WHAT YOU HAVE TO DO
Return all of the material that follows, keeping each line exactly as it is.
─── STUDY MATERIAL
theorem proposition3p15:
  fixes a b :: int
  assumes "a < 0" and "0 < b"
  shows "\<exists>ph phs. slit_ext a b ph phs \<and>
           (\<forall>ph' phs'. slit_ext a b ph' phs' \<longrightarrow>
              (\<forall>e\<in>Eslit a b. ph' e = ph e \<and> phs' e = phs e))"
  using slit_ext_exists[OF assms] slit_ext_unique[OF assms] by blast

end
(* Let $\psi\colon G\times Y\times Y\to\mathbb C$. Then $\psi\in\mathcal A$ if and only if $\psi\in\mathcal A_0$ and the linear operator $\widetilde S_\psi\colon\mathcal D\to H$ is bounded, i.e. $\sup\{\|\widetilde S_\psi f\|: f\in\mathcal D,\ \|f\|=1\}<\infty$.
   Context: Let $G$ be a locally compact abelian group (written additively) with Haar measure $\nu$, and $(Y,\lambda)$ a measure space. Let $H$ be a reproducing kernel Hilbert space of complex functions on $G\times Y$ whose inner product is that of $L^2(G\times Y,\nu\otimes\lambda)$, with reproducing kernel $(K_{x,y})_{(x,y)\in G\times Y}$ (so $f(x,y)=\langle f,K_{x,y}\rangle$). Assume $K_{x,y}(u,v)=K_{0,y}(u-x,v)$ for all $u,x\in G$, $v,y\in Y$ (so $H$ is invariant under $f\mapsto f(\cdot-a,\cdot)$). Let $\mathcal A_0$ be the set of functions $\psi\colon G\times Y\times Y\to\mathbb C$ such that $\psi(\cdot,\cdot,v)\in H$ for every $v\in Y$ and $(u,v)\mapsto\overline{\psi(-u,y,v)}$ belongs to $H$ for every $y\in Y$. For $\psi\in\mathcal A_0$, $f\in H$, define the function $(S_\psi f)(x,y)=\int_{G\times Y}f(u,v)\psi(x-u,y,v)\,d\nu(u)\,d\lambda(v)$ (absolutely convergent). Let $\mathcal A$ be the set of $\psi\in\mathcal A_0$ such that $S_\psi f\in H$ for every $f\in H$ and $f\mapsto S_\psi f$ is bounded on $H$. Let $\mathcal D=\operatorname{span}\{K_{p,q}: p\in G,\ q\in Y\}$, and for $\psi\in\mathcal A_0$ let $\widetilde S_\psi$ be the restriction of $f\mapsto S_\psi f$ to $\mathcal D$ (it is known that it maps $\mathcal D$ into $H$, with $(\widetilde S_\psi K_{p,q})(x,y)=\psi(x-p,y,q)$). *)

theory Defs
  imports "HOL-Analysis.Analysis"
begin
──────
ANSWER TO THIS TASK
theorem proposition3p15:
  fixes a b :: int
  assumes "a < 0" and "0 < b"
  shows "\<exists>ph phs. slit_ext a b ph phs \<and>
           (\<forall>ph' phs'. slit_ext a b ph' phs' \<longrightarrow>
              (\<forall>e\<in>Eslit a b. ph' e = ph e \<and> phs' e = phs e))"
  using slit_ext_exists[OF assms] slit_ext_unique[OF assms] by blast

end
(* Let $\psi\colon G\times Y\times Y\to\mathbb C$. Then $\psi\in\mathcal A$ if and only if $\psi\in\mathcal A_0$ and the linear operator $\widetilde S_\psi\colon\mathcal D\to H$ is bounded, i.e. $\sup\{\|\widetilde S_\psi f\|: f\in\mathcal D,\ \|f\|=1\}<\infty$.
   Context: Let $G$ be a locally compact abelian group (written additively) with Haar measure $\nu$, and $(Y,\lambda)$ a measure space. Let $H$ be a reproducing kernel Hilbert space of complex functions on $G\times Y$ whose inner product is that of $L^2(G\times Y,\nu\otimes\lambda)$, with reproducing kernel $(K_{x,y})_{(x,y)\in G\times Y}$ (so $f(x,y)=\langle f,K_{x,y}\rangle$). Assume $K_{x,y}(u,v)=K_{0,y}(u-x,v)$ for all $u,x\in G$, $v,y\in Y$ (so $H$ is invariant under $f\mapsto f(\cdot-a,\cdot)$). Let $\mathcal A_0$ be the set of functions $\psi\colon G\times Y\times Y\to\mathbb C$ such that $\psi(\cdot,\cdot,v)\in H$ for every $v\in Y$ and $(u,v)\mapsto\overline{\psi(-u,y,v)}$ belongs to $H$ for every $y\in Y$. For $\psi\in\mathcal A_0$, $f\in H$, define the function $(S_\psi f)(x,y)=\int_{G\times Y}f(u,v)\psi(x-u,y,v)\,d\nu(u)\,d\lambda(v)$ (absolutely convergent). Let $\mathcal A$ be the set of $\psi\in\mathcal A_0$ such that $S_\psi f\in H$ for every $f\in H$ and $f\mapsto S_\psi f$ is bounded on $H$. Let $\mathcal D=\operatorname{span}\{K_{p,q}: p\in G,\ q\in Y\}$, and for $\psi\in\mathcal A_0$ let $\widetilde S_\psi$ be the restriction of $f\mapsto S_\psi f$ to $\mathcal D$ (it is known that it maps $\mathcal D$ into $H$, with $(\widetilde S_\psi K_{p,q})(x,y)=\psi(x-p,y,q)$). *)

theory Defs
  imports "HOL-Analysis.Analysis"
begin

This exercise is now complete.